---------- RECORDS FOR THIS EXERCISE
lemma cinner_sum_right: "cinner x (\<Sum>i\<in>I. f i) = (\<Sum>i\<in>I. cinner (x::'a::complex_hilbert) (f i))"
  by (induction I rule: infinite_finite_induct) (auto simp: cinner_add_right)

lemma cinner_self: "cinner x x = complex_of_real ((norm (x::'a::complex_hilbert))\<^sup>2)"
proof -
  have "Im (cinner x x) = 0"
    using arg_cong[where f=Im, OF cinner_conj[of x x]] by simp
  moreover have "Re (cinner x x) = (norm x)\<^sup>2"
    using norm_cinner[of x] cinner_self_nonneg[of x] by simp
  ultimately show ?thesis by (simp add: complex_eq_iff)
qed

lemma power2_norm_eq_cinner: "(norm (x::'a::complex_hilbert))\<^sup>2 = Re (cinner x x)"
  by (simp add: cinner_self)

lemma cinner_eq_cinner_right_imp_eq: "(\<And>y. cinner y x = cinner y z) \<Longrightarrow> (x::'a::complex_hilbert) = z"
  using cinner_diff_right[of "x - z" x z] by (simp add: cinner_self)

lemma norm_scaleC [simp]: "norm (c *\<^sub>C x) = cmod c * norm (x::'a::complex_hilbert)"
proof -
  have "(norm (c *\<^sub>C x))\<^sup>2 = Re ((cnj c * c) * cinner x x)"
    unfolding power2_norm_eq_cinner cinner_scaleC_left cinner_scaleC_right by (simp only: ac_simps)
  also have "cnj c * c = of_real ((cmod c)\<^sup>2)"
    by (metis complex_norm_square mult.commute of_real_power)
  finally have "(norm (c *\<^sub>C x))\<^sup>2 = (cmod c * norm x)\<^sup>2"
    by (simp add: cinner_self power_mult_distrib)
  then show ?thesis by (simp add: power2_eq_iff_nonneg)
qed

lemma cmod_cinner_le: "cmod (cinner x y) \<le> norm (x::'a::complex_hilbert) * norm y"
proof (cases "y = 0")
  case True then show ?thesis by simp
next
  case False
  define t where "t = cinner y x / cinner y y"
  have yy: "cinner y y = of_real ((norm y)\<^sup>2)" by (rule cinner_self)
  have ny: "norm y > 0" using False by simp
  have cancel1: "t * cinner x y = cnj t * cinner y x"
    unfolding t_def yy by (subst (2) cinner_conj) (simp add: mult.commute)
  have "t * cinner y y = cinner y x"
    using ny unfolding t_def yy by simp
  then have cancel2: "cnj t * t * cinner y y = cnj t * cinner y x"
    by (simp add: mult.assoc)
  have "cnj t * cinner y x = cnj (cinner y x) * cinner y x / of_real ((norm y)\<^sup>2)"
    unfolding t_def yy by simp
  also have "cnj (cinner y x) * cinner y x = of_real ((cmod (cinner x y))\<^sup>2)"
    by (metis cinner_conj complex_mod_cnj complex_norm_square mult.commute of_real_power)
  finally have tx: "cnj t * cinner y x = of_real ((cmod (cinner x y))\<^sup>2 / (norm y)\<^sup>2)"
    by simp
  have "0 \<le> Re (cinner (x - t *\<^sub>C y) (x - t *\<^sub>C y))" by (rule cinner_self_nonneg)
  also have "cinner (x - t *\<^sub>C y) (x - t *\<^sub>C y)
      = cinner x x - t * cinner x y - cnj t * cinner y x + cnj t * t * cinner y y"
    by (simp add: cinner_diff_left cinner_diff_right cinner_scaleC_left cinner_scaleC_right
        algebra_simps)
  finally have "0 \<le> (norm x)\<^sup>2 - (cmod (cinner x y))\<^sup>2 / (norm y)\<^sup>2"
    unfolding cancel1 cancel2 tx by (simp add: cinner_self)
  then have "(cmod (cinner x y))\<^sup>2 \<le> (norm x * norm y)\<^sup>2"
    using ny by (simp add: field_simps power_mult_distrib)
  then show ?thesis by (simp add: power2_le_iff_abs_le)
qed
--------------------
---------- RECORDS FOR THIS EXERCISE
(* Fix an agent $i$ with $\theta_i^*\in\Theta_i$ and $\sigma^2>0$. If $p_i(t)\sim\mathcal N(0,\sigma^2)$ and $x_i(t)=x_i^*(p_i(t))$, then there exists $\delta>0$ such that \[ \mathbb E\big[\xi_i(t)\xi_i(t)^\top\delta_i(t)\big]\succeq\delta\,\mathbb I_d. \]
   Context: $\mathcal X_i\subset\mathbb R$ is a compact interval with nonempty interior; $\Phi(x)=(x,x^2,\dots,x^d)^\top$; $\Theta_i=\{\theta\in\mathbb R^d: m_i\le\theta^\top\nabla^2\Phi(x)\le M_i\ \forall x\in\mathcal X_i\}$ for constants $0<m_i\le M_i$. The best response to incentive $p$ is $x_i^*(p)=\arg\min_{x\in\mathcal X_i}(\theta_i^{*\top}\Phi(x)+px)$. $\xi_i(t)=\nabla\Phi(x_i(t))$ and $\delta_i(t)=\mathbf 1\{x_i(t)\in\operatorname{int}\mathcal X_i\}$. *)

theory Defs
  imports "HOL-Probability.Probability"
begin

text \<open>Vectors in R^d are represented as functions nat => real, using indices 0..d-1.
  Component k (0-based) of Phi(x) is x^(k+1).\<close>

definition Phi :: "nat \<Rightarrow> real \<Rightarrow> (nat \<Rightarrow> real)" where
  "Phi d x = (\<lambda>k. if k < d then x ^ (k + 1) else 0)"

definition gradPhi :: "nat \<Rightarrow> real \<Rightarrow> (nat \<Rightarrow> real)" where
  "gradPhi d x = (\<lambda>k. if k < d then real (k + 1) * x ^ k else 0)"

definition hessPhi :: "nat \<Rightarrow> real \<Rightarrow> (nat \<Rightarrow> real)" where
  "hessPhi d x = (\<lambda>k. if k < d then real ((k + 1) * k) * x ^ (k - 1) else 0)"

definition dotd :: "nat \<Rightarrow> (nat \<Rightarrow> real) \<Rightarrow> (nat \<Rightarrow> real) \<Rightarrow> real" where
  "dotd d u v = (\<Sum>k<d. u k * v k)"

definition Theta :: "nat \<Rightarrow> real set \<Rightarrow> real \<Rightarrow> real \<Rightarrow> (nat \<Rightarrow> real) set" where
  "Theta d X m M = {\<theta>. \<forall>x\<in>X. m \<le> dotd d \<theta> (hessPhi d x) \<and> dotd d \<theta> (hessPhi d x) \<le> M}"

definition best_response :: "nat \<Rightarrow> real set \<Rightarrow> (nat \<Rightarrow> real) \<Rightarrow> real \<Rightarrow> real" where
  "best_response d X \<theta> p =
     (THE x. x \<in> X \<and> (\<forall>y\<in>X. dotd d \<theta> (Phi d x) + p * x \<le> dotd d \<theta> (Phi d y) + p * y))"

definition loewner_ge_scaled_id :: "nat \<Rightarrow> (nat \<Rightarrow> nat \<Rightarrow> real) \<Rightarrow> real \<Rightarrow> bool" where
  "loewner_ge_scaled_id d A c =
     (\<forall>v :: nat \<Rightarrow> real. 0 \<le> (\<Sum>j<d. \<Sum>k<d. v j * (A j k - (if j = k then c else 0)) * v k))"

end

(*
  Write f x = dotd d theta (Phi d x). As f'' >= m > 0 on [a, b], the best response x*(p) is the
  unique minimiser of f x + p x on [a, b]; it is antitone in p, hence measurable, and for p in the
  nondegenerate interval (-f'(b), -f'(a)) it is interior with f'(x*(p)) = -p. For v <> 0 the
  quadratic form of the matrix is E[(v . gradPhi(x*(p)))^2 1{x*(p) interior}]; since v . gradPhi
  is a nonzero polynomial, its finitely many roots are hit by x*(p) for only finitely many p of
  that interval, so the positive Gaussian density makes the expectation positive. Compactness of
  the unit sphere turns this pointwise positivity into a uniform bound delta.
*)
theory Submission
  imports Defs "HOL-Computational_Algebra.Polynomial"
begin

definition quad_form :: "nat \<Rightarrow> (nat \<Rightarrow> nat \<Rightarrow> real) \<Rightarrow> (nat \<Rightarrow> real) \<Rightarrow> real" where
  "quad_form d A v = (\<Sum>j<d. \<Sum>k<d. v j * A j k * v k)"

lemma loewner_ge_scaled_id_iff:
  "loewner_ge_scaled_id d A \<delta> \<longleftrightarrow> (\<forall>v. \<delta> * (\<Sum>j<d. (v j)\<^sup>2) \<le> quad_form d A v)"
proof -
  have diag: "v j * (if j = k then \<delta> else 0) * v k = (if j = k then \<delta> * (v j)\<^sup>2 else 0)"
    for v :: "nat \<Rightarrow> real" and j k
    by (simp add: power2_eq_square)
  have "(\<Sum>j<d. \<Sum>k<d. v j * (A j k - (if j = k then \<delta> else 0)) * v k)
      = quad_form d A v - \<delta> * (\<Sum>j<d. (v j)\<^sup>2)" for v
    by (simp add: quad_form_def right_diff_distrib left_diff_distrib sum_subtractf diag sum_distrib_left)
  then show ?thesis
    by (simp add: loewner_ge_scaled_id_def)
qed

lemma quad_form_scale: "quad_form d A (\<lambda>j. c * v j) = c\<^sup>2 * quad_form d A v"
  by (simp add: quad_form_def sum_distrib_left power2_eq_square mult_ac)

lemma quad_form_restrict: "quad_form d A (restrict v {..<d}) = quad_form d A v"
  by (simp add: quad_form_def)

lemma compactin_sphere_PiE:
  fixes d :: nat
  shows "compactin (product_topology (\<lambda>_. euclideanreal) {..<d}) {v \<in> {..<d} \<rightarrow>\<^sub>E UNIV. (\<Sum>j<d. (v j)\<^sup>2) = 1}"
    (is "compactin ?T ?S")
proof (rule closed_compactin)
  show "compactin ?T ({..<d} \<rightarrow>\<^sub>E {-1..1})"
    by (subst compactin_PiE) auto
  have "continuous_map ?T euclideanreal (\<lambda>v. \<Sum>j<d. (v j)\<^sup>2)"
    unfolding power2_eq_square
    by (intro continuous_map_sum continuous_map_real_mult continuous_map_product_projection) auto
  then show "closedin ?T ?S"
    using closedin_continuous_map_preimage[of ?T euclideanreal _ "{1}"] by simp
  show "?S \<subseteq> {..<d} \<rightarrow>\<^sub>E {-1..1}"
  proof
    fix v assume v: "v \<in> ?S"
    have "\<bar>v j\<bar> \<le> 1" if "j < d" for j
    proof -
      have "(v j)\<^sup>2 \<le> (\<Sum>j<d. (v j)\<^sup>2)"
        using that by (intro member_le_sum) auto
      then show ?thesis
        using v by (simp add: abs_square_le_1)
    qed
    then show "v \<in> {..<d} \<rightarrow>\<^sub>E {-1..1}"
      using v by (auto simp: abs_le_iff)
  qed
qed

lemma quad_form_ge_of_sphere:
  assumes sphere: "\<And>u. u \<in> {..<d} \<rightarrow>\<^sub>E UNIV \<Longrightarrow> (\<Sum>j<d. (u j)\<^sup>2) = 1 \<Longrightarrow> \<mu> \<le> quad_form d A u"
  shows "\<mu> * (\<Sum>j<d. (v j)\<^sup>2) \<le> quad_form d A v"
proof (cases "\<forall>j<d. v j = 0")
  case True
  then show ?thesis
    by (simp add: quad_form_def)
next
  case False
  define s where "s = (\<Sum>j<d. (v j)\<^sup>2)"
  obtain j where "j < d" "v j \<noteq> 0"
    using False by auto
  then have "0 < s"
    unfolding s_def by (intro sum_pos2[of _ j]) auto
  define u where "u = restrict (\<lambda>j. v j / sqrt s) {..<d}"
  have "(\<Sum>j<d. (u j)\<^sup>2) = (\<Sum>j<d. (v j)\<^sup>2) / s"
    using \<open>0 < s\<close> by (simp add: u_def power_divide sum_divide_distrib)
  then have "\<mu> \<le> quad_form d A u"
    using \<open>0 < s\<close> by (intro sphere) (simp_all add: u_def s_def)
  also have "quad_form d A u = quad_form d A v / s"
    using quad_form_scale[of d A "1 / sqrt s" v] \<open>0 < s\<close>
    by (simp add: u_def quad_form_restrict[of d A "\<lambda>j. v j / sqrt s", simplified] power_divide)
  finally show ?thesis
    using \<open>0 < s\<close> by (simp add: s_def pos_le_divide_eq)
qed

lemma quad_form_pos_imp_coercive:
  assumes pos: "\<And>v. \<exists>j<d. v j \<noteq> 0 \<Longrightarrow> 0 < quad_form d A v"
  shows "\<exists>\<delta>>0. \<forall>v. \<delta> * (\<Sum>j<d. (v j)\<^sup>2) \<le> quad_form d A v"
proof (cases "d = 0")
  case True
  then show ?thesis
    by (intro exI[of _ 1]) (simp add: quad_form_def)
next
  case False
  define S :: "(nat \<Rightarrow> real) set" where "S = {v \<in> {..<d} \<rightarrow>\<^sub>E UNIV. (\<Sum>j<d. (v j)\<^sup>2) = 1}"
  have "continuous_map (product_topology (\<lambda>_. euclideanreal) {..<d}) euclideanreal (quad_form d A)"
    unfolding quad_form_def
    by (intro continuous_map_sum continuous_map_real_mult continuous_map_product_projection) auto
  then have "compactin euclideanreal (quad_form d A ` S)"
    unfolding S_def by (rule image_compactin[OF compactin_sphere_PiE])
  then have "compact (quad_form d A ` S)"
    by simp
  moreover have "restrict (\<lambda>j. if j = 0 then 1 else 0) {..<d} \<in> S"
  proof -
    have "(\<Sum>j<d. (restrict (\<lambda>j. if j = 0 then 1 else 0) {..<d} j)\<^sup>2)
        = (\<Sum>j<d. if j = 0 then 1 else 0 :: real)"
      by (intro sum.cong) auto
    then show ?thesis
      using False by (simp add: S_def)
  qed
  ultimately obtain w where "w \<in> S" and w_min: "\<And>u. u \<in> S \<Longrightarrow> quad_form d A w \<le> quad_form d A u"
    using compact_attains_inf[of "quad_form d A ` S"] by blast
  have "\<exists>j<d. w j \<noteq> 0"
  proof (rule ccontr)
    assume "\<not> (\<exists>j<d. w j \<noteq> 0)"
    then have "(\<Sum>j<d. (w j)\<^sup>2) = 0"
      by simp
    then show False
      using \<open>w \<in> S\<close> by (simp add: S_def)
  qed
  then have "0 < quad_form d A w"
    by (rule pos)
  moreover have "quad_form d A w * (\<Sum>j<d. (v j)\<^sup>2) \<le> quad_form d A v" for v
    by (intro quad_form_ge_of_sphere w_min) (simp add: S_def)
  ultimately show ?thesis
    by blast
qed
--------------------
---------- RECORDS FOR THIS EXERCISE
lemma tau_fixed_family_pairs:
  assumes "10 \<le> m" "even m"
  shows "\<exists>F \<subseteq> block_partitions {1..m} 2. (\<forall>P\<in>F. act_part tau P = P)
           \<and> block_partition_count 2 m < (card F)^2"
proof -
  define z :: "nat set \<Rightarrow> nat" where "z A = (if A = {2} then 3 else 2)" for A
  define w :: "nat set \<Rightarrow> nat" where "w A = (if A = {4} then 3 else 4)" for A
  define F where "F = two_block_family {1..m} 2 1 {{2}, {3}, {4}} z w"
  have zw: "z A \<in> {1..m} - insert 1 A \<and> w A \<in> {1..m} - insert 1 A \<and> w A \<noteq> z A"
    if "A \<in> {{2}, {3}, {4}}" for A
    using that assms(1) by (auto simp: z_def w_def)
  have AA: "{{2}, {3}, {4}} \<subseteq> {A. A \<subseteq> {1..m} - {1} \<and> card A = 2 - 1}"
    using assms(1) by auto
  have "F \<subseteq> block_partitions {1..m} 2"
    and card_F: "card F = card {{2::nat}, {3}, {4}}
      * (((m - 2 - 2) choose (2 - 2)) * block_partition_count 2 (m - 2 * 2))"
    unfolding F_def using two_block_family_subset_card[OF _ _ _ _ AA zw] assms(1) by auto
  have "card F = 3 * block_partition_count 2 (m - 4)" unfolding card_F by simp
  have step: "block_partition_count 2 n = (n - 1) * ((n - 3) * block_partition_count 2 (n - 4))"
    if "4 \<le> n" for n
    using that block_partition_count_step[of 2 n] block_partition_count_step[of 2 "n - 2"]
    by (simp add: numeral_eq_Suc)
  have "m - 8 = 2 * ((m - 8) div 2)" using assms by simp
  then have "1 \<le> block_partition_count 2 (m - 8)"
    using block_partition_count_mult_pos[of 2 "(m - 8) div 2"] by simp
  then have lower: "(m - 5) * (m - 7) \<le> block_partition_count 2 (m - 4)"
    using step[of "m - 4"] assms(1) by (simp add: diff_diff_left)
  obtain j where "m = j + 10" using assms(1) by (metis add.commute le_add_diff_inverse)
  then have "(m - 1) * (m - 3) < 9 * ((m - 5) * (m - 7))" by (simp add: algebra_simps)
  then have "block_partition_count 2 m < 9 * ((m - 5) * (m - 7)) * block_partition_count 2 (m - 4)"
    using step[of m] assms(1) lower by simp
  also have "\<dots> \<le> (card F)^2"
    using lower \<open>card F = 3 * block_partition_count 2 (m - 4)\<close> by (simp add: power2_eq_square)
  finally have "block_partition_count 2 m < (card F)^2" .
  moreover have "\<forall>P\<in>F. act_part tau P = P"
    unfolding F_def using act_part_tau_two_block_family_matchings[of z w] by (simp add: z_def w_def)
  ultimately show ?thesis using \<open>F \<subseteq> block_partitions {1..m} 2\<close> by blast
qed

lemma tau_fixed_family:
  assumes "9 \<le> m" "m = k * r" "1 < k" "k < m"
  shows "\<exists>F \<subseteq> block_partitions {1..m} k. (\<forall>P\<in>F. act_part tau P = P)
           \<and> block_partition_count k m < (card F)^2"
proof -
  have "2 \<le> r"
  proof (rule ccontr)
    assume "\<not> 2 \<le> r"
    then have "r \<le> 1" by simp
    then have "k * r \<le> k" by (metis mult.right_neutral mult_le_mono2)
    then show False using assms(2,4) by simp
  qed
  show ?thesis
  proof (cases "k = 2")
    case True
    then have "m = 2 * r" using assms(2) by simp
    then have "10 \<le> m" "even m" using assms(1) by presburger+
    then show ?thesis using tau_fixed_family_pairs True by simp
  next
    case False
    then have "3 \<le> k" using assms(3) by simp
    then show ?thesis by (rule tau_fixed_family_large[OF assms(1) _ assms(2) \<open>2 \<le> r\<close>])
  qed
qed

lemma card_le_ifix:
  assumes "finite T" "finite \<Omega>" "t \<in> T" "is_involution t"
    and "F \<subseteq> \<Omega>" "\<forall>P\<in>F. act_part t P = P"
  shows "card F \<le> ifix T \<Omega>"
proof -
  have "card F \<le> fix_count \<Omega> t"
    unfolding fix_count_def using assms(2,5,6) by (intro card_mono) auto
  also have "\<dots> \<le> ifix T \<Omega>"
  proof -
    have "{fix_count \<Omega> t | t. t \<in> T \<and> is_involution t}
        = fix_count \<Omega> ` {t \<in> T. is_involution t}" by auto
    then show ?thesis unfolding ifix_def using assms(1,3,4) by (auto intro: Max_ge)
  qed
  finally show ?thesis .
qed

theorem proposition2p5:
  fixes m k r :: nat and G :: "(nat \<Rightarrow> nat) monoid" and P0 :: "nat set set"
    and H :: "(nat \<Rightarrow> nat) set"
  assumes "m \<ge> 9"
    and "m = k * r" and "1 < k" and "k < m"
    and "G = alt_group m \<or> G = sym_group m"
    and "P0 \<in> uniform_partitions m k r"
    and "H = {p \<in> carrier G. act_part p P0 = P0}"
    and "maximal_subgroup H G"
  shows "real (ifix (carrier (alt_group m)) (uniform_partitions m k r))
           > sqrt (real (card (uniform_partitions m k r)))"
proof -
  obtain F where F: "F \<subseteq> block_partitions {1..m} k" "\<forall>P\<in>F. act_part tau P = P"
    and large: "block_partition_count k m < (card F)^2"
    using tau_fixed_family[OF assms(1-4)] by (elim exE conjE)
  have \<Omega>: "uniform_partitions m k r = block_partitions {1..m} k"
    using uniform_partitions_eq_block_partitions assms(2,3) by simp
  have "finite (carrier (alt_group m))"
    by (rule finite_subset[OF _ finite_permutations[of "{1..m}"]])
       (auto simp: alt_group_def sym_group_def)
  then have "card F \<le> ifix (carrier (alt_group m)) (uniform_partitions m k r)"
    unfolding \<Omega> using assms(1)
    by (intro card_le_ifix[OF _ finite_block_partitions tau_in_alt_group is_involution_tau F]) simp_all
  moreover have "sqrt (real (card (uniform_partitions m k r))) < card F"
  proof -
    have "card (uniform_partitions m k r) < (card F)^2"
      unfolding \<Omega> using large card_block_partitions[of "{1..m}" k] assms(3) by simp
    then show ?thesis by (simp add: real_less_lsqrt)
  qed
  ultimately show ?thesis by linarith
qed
--------------------
* _REQUIRED ACTION_
Would you quote everything above from the line containing "using that assms(1)" down to the line containing "unfolding F_def using two_block_family_subset_card[OF"? Include both of those lines and nothing else.

* _YOUR RESPONSE_
    using that assms(1) by (auto simp: z_def w_def)
  have AA: "{{2}, {3}, {4}} \<subseteq> {A. A \<subseteq> {1..m} - {1} \<and> card A = 2 - 1}"
    using assms(1) by auto
  have "F \<subseteq> block_partitions {1..m} 2"
    and card_F: "card F = card {{2::nat}, {3}, {4}}
      * (((m - 2 - 2) choose (2 - 2)) * block_partition_count 2 (m - 2 * 2))"
    unfolding F_def using two_block_family_subset_card[OF _ _ _ _ AA zw] assms(1) by auto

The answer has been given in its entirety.